Traditionally, I have always preferred manual transmission to automatic, but there are exceptions, and this is one such. The five-speed gearbox is equipped with a brain which allows it to alter its characteristics to suit particular driving styles, or conditions. Its change action is impeccably smooth, and – particularly in ‘sport’ mode – it does not ‘hunt’ for gears in the way that many automatics will suddenly drop a ratio on the exit of a corner, when you really don t need it.
Inside, leather and wood blend with plastic which, in BMW tradition, is made to look – and feel –like a quality material. Our test car was fitted with the optional ‘comfort’ seats, on which the upper half of the backrest is independently movable, to maximise the number of available positional possibilities. One supposes that the extra £2615 will hardly matter if you are in the market for a near £50,000 car…

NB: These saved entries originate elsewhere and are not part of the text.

lemma H1_deriv_integral_lincomb:
  assumes "H1_deriv T u g" "H1_deriv T v h" "y \<in> {0..T}"
  shows "integral {0..y} (\<lambda>x. r * h x - s * g x) = (r * v y - s * u y) - (r * v 0 - s * u 0)"
proof -
  have "{0..y} \<subseteq> {0..T}"
    using assms(3) by auto
  then have "g integrable_on {0..y}" "h integrable_on {0..y}"
    using assms(1,2) by (auto intro: H1_deriv_integrable_on)
  then have "integral {0..y} (\<lambda>x. r * h x - s * g x) = r * integral {0..y} h - s * integral {0..y} g"
    by (simp add: integral_diff integrable_on_mult_right)
  also have "\<dots> = r * (v y - v 0) - s * (u y - u 0)"
    using H1_deriv_integral[OF assms(1,3)] H1_deriv_integral[OF assms(2,3)] by simp
  finally show ?thesis
    by (simp add: algebra_simps)
qed

lemma ABC_deriv_eq_integral:
  assumes "in_H1 T f"
  obtains g where "H1_deriv T f g"
    and "ABC_deriv T a f t
         = B_norm a / (1 - a)
           * integral {0..t} (\<lambda>y. g y * mittag_leffler a 1 (- gamma_par a * (t - y) powr a))"
proof
  show "H1_deriv T f (SOME g. H1_deriv T f g)"
    using assms unfolding in_H1_def by (rule someI_ex)
qed (simp add: ABC_deriv_def)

The 740, which also came with the effective adjustable damping (£1280) isn’t just a question of expensive options. Time was when standard BMW specification wouldn’t include a radio, but the company has a somewhat more enlightened approach nowadays. Yes, you can pay over the odds for glitzy seats, but the showroom specification does include ABS, air conditioning, anti-theft alarm, a pair of airbags, the aforementioned multi-information display (minus TV, but with a number of other toys, including a warning system to advise you when the battery in your key is running low), electric everything, seatbelt pre-tensioners, remote central locking with deadlocks, CD autochanger and myriad other laboursaving devices.
The likes of Lexus have given BMW and Mercedes-Benz food for thought in the past few years, but the fact remains that BMW retains an edge for those who place as much emphasis on sheer driving pleasure as they do on creature comforts.
The concept of value for money may seem absurd when talking about a car that costs as much as a two-bedroom flat in south London, but taken in context the BMW fares reasonably well, thanks to a standard specification which almost rivals anything Japan can put forward.
It says something about the target clientele that BMW places almost as much emphasis on the fact that you can get four golf bags in the boot as it does on chassis dynamics. But, even if some of the old 7-series’ panache has been lost, the combination of a rasping engine note and a still well-balanced chassis make this more of a sporting luxury saloon than any of its immediate rivals. That ought to give BMW a fighting chance of meeting its target of acquiring 25 per cent of the UK luxury car market, which is currently growing once again, even though overall sales are around half what they were seven years ago, prerecession.
The television I could live without, but the rest of the package appeals. It may remove much of the effort, but it still allows you to enjoy driving, and there’s a lot to be said for that.